Plus d'un demi siècle après Les Temps Modernes (1936) de Charlie Chaplin, un réalisateur finlandais, Aki Kaurismaki, présente Juha, un film en noir et blanc, muet, à l'exception d'une seule chanson, dans le cadre du Forum international du jeune cinéma à Berlin. Le film, d'une durée de 78 minutes, a été projeté en première mondiale. Il est en compétition dans le Forum, section indépendante du Festival de Berlin, créée en 1970, et destinée à montrer des films indépendants, expérimentaux et alternatifs provenant du monde entier.
Juha est le film, muet, qui fait parler de lui dans cette 29ème édition du Forum international du jeune cinéma. Juha est l'un des trois films finlandais en compétition dans la section, il marque la renaissance de l'ère du muet, une ère que l'on croyait définitivement révolue. Son réalisateur, Aki Kaurismaki, a réalisé non seulement un film, mais aussi un vieux rêve à l'âge de 42 ans. Il a adapté une nouvelle, du même nom, de l'écrivain finlandais Juhani Aho (mort en 1921), écrite en 1911. Kaurismaki a d'abord été postier, puis critique de film avant de devenir réalisateur en 1983 avec un premier long-métrage.
L'histoire originale de Juha se déroule quelque part au 18ème siècle, elle raconte un amour triangulaire d'un vieil homme, Juha (Sakari Kuosmanen), d'une jeune femme, Marja (Kati Outinen) et d'un vendeur , une sorte de casanova russe, interprété par le français André Wilms. Celui-ci va séduire Marja, mariée à Juha, et l'appâter en lui promettant des toilettes, des parfums, de lui faire découvrir la grande ville. Elle mord à l'hameçon, s'enfuit avec lui à Helsinki. Là elle s'aperçoit qu'il est en fait un proxénète, alors que Juha, triste et seul, à soif de vengeance. Kaurismaki nous présente un version plus contemporaine de Juha en faisant démarrer l'histoire en 1928, époque où le cinéma commencait à dire ses premiers mots, où la synchronisation des voix n'était pas encore possible techniquement. Puis, il la fait évoluer lentement vers la fin en lui donant un style très film années 50.

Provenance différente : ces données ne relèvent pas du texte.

(* Let $0<s_1<s_2$ and $m\ge1$. The defect capacitance matrix $\mathcal C\in\mathbb R^{(4m+1)\times(4m+1)}$ has at most one eigenvalue in the interval $\Gamma=\big(\frac{2}{s_2},\frac{2}{s_1}\big)$. Moreover, for all $m$ sufficiently large it has exactly one eigenvalue in $\Gamma$.
   Context: Set $\alpha=\frac1{s_1}+\frac1{s_2}$, $\beta_1=-\frac1{s_1}$, $\beta_2=-\frac1{s_2}$, $\eta=\frac2{s_2}$. The defect capacitance matrix $\mathcal C$ ($N=4m+1$) is the real symmetric tridiagonal matrix with diagonal entries $\mathcal C_{11}=\mathcal C_{NN}=\frac1{s_1}$, $\mathcal C_{2m+1,2m+1}=\eta$, $\mathcal C_{ii}=\alpha$ otherwise, and off-diagonal entries $\mathcal C_{i,i+1}=\mathcal C_{i+1,i}$ equal to $\beta_1$ ($i$ odd) and $\beta_2$ ($i$ even) for $1\le i\le 2m$, and $\beta_2$ ($i$ odd) and $\beta_1$ ($i$ even) for $2m+1\le i\le 4m$. It is the capacitance matrix of a chain of $4m+1$ identical resonators with spacings $s_i$ equal to $s_1$ ($i$ odd), $s_2$ ($i$ even) for $i\le 2m$ and $s_2$ ($i$ odd), $s_1$ ($i$ even) for $2m+1\le i\le 4m$. $\Gamma$ is the gap between the two spectral bands of the corresponding infinite periodic dimer chain. *)

theory Defs
  imports "Jordan_Normal_Form.Matrix" "Jordan_Normal_Form.Jordan_Normal_Form"
begin

text \<open>Entries of the defect capacitance matrix, with the paper's 1-based indices
  i, j in {1..4m+1}.\<close>
definition cap_entry :: "real \<Rightarrow> real \<Rightarrow> nat \<Rightarrow> nat \<Rightarrow> nat \<Rightarrow> real" where
  "cap_entry s1 s2 m i j =
     (let N = 4*m+1; \<alpha> = 1/s1 + 1/s2; \<beta>1 = -1/s1; \<beta>2 = -1/s2; \<eta> = 2/s2 in
      if i = j then
        (if i = 1 \<or> i = N then 1/s1 else if i = 2*m+1 then \<eta> else \<alpha>)
      else if j = i + 1 \<or> i = j + 1 then
        (let k = min i j in
         if k \<le> 2*m then (if odd k then \<beta>1 else \<beta>2)
         else (if odd k then \<beta>2 else \<beta>1))
      else 0)"

definition defect_cap :: "real \<Rightarrow> real \<Rightarrow> nat \<Rightarrow> real mat" where
  "defect_cap s1 s2 m = mat (4*m+1) (4*m+1) (\<lambda>(i,j). cap_entry s1 s2 m (i+1) (j+1))"

end

theory Submission
  imports Defs
begin

text \<open>Write \<open>a = 1/s1\<close> and \<open>b = 1/s2\<close>, so that the gap is \<open>\<bar>\<lambda> - (a + b)\<bar> < a - b\<close>.
  Away from the defect, the rows of \<open>C - (a + b)\<close> pair up into dimers, and an elementary
  inequality for each dimer sums to \<open>\<parallel>(C - (a + b)) z\<parallel> \<ge> (a - b) \<parallel>z\<parallel>\<close> for every \<open>z\<close>
  vanishing at the defect site. Hence an eigenvector for an eigenvalue in the gap does not vanish
  there, and for two distinct such eigenvalues the combination of their (orthogonal) eigenvectors
  that vanishes at the defect violates the bound. For existence, solve the eigen-equation from
  the left end by a three-term recurrence and reflect it about the defect: only the defect row
  remains, and once \<open>2 m (a - b) > a\<close> it changes sign across the gap, so the intermediate value
  theorem yields an eigenvalue.\<close>

lemma sum_lessThan_double:
  fixes f :: "nat \<Rightarrow> 'a::comm_monoid_add"
  shows "(\<Sum>i<2*n. f i) = (\<Sum>k<n. f (2*k) + f (2*k+1))"
  by (induction n) (simp_all add: add_ac)

lemma sum_lessThan_reflect_split:
  fixes f :: "nat \<Rightarrow> 'a::comm_monoid_add"
  shows "(\<Sum>i<2*n+1. f i) = (\<Sum>i<n. f i) + f n + (\<Sum>i<n. f (2*n - i))"
proof -
  have "{..<2*n+1} = {..<n} \<union> insert n {n<..2*n}" by auto
  moreover have "(\<Sum>i<n. f (2*n - i)) = (\<Sum>i\<in>{n<..2*n}. f i)"
    by (rule sum.reindex_bij_witness[where i="\<lambda>i. 2*n - i" and j="\<lambda>i. 2*n - i"]) auto
  moreover have "sum f ({..<n} \<union> {n<..2*n}) = sum f {..<n} + sum f {n<..2*n}"
    by (rule sum.union_disjoint) auto
  ultimately show ?thesis by (simp add: add_ac)
qed

lemma sum_square_orthogonal_diff:
  fixes u v :: "'a \<Rightarrow> real"
  assumes "(\<Sum>i\<in>A. u i * v i) = 0"
  shows "(\<Sum>i\<in>A. (p * u i - q * v i)\<^sup>2) = p\<^sup>2 * (\<Sum>i\<in>A. (u i)\<^sup>2) + q\<^sup>2 * (\<Sum>i\<in>A. (v i)\<^sup>2)"
proof -
  have "(\<Sum>i\<in>A. (p * u i - q * v i)\<^sup>2)
      = (\<Sum>i\<in>A. p\<^sup>2 * (u i)\<^sup>2 - 2*p*q * (u i * v i) + q\<^sup>2 * (v i)\<^sup>2)"
    by (rule sum.cong) (simp_all add: power2_eq_square algebra_simps)
  also have "\<dots> = p\<^sup>2 * (\<Sum>i\<in>A. (u i)\<^sup>2) - 2*p*q * (\<Sum>i\<in>A. u i * v i) + q\<^sup>2 * (\<Sum>i\<in>A. (v i)\<^sup>2)"
    by (simp add: sum.distrib sum_subtractf sum_distrib_left)
  finally show ?thesis using assms by simp
qed

lemma sum_square_pos:
  fixes x :: "nat \<Rightarrow> real"
  assumes "\<exists>i<n. x i \<noteq> 0"
  shows "0 < (\<Sum>i<n. (x i)\<^sup>2)"
  using assms by (auto intro: sum_pos2)

section \<open>A symmetric operator has at most one eigenvalue in a spectral gap\<close>

lemma eigenfunction_in_gap_nonzero:
  fixes A :: "(nat \<Rightarrow> real) \<Rightarrow> nat \<Rightarrow> real"
  assumes bound: "\<And>z. z k = 0 \<Longrightarrow> r\<^sup>2 * (\<Sum>i<n. (z i)\<^sup>2) \<le> (\<Sum>i<n. (A z i - c * z i)\<^sup>2)"
    and eigen: "\<forall>i<n. A x i = l * x i" and nonzero: "\<exists>i<n. x i \<noteq> 0"
    and gap: "\<bar>l - c\<bar> < r"
  shows "x k \<noteq> 0"
proof
  assume "x k = 0"
  then have "r\<^sup>2 * (\<Sum>i<n. (x i)\<^sup>2) \<le> (\<Sum>i<n. (A x i - c * x i)\<^sup>2)" by (rule bound)
  also have "\<dots> = (l - c)\<^sup>2 * (\<Sum>i<n. (x i)\<^sup>2)"
    unfolding sum_distrib_left
    by (rule sum.cong) (use eigen in \<open>auto simp: power2_eq_square algebra_simps\<close>)
  finally have "r\<^sup>2 \<le> (l - c)\<^sup>2" using sum_square_pos[OF nonzero] by simp
  moreover have "(l - c)\<^sup>2 < r\<^sup>2" using gap by (intro power2_strict_mono) simp
  ultimately show False by simp
qed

Aki Kaurismaki suit pourtant les règles de l'art du cinéma muet : cartons insérés entre les scènes, musique qui appuit les expressions des acteurs, pellicule noir et blanc. Seul (petite) entorse, l'introduction d'une chanson française, "Le temps des cerises" chantée par l'actrice Elina Salo. Si le réalisateur a choisi ce mode d'expression, c'est parce que, selon lui, les histoires ont perdu leur pureté et le cinéma, son essence, l'innocence. Et pour s'imprégner de cette innocence, de cette pureté, Aki a visionné, étudié des centaines de films muets, tout en cherchant un style propre car il affirme qu'il ne voit aucune raison d'imiter des films muets. Ainsi, les images de Juha sont plus lentes que celles des Temps Modernes.
Aki Kaurismaki commencera peut-être au mois de mai prochain son prochain long-métrage, Queuing for soup, deuxième volet de sa trilogie sur le chômage. Le premier volet, Au loin s'en vont les nuages, a été présenté en 1996 au Festival de Cannes. Silence... ça tourne pour le réalisateur finlandais Kaurismaki. M.L.